TASK STATEMENT:
In full and without changes, output the data.

[[ ENTRIES PROVIDED, beginning ]]

lemma calibrated_if_linear_regret_bound:
  fixes l :: "'r::finite \<Rightarrow> 'y::finite \<Rightarrow> real"
  assumes attains: "\<And>p. p \<in> prob_simplex \<Longrightarrow> \<exists>u. exp_loss L p u = bayes_risk l p"
    and "C > 0"
    and bound: "\<And>p u. p \<in> prob_simplex \<Longrightarrow> excess_risk l l p (\<psi> u) \<le> C * excess_risk l L p u"
  shows "calibrated L \<psi> l"
  unfolding calibrated_def
proof
  fix p :: "'y \<Rightarrow> real" assume p: "p \<in> prob_simplex"
  define gap where "gap = Min (insert 1 {x \<in> range (excess_risk l l p). x > 0})"
  have "gap > 0"
    unfolding gap_def by (subst Min_gr_iff) auto
  have gap_le: "gap \<le> excess_risk l l p r" if "r \<notin> prop_of l p" for r
    unfolding gap_def using that prop_of_iff_excess_risk_nonpos[of r l p] by (intro Min_le) auto
  have far: "bayes_risk l p + gap / C \<le> exp_loss L p u" if "\<psi> u \<notin> prop_of l p" for u
  proof -
    have "gap \<le> C * excess_risk l L p u"
      using gap_le[OF that] bound[OF p, of u] by linarith
    then show ?thesis
      using \<open>C > 0\<close> by (simp add: excess_risk_def field_simps)
  qed
  obtain u0 where "exp_loss L p u0 = bayes_risk l p"
    using attains[OF p] by blast
  then have "(INF u. ereal (exp_loss L p u)) \<le> ereal (bayes_risk l p)"
    by (metis INF_lower UNIV_I)
  also have "\<dots> < ereal (bayes_risk l p + gap / C)"
    using \<open>gap > 0\<close> \<open>C > 0\<close> by simp
  also have "\<dots> \<le> (INF u\<in>{u. \<psi> u \<notin> prop_of l p}. ereal (exp_loss L p u))"
    using far by (auto intro: INF_greatest)
  finally show "(INF u\<in>{u. \<psi> u \<notin> prop_of l p}. ereal (exp_loss L p u)) > (INF u. ereal (exp_loss L p u))" .
qed

theorem theorem2:
  fixes L :: "real ^ 'd \<Rightarrow> 'y::finite \<Rightarrow> real"
    and l :: "'r::finite \<Rightarrow> 'y \<Rightarrow> real"
  assumes "nonneg_loss L" and "polyhedral_loss L"
    and "nonneg_loss l"
    and "embeds L l"
  shows "\<exists>\<psi> :: real ^ 'd \<Rightarrow> 'r. calibrated L \<psi> l"
proof -
  obtain \<psi> C where "C > 0"
    and bound: "\<And>p u. p \<in> prob_simplex \<Longrightarrow> excess_risk l l p (\<psi> u) \<le> C * excess_risk l L p u"
    using embeds_linear_regret_bound[OF assms(4)] by blast
  have "calibrated L \<psi> l"
    using embeds_attains_bayes_risk[OF assms(4)] \<open>C > 0\<close> bound
    by (rule calibrated_if_linear_regret_bound)
  then show ?thesis by blast
qed

end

[[ ENTRIES PROVIDED, end ]]

SOLUTION FOR THIS PROBLEM:
lemma calibrated_if_linear_regret_bound:
  fixes l :: "'r::finite \<Rightarrow> 'y::finite \<Rightarrow> real"
  assumes attains: "\<And>p. p \<in> prob_simplex \<Longrightarrow> \<exists>u. exp_loss L p u = bayes_risk l p"
    and "C > 0"
    and bound: "\<And>p u. p \<in> prob_simplex \<Longrightarrow> excess_risk l l p (\<psi> u) \<le> C * excess_risk l L p u"
  shows "calibrated L \<psi> l"
  unfolding calibrated_def
proof
  fix p :: "'y \<Rightarrow> real" assume p: "p \<in> prob_simplex"
  define gap where "gap = Min (insert 1 {x \<in> range (excess_risk l l p). x > 0})"
  have "gap > 0"
    unfolding gap_def by (subst Min_gr_iff) auto
  have gap_le: "gap \<le> excess_risk l l p r" if "r \<notin> prop_of l p" for r
    unfolding gap_def using that prop_of_iff_excess_risk_nonpos[of r l p] by (intro Min_le) auto
  have far: "bayes_risk l p + gap / C \<le> exp_loss L p u" if "\<psi> u \<notin> prop_of l p" for u
  proof -
    have "gap \<le> C * excess_risk l L p u"
      using gap_le[OF that] bound[OF p, of u] by linarith
    then show ?thesis
      using \<open>C > 0\<close> by (simp add: excess_risk_def field_simps)
  qed
  obtain u0 where "exp_loss L p u0 = bayes_risk l p"
    using attains[OF p] by blast
  then have "(INF u. ereal (exp_loss L p u)) \<le> ereal (bayes_risk l p)"
    by (metis INF_lower UNIV_I)
  also have "\<dots> < ereal (bayes_risk l p + gap / C)"
    using \<open>gap > 0\<close> \<open>C > 0\<close> by simp
  also have "\<dots> \<le> (INF u\<in>{u. \<psi> u \<notin> prop_of l p}. ereal (exp_loss L p u))"
    using far by (auto intro: INF_greatest)
  finally show "(INF u\<in>{u. \<psi> u \<notin> prop_of l p}. ereal (exp_loss L p u)) > (INF u. ereal (exp_loss L p u))" .
qed

theorem theorem2:
  fixes L :: "real ^ 'd \<Rightarrow> 'y::finite \<Rightarrow> real"
    and l :: "'r::finite \<Rightarrow> 'y \<Rightarrow> real"
  assumes "nonneg_loss L" and "polyhedral_loss L"
    and "nonneg_loss l"
    and "embeds L l"
  shows "\<exists>\<psi> :: real ^ 'd \<Rightarrow> 'r. calibrated L \<psi> l"
proof -
  obtain \<psi> C where "C > 0"
    and bound: "\<And>p u. p \<in> prob_simplex \<Longrightarrow> excess_risk l l p (\<psi> u) \<le> C * excess_risk l L p u"
    using embeds_linear_regret_bound[OF assms(4)] by blast
  have "calibrated L \<psi> l"
    using embeds_attains_bayes_risk[OF assms(4)] \<open>C > 0\<close> bound
    by (rule calibrated_if_linear_regret_bound)
  then show ?thesis by blast
qed

end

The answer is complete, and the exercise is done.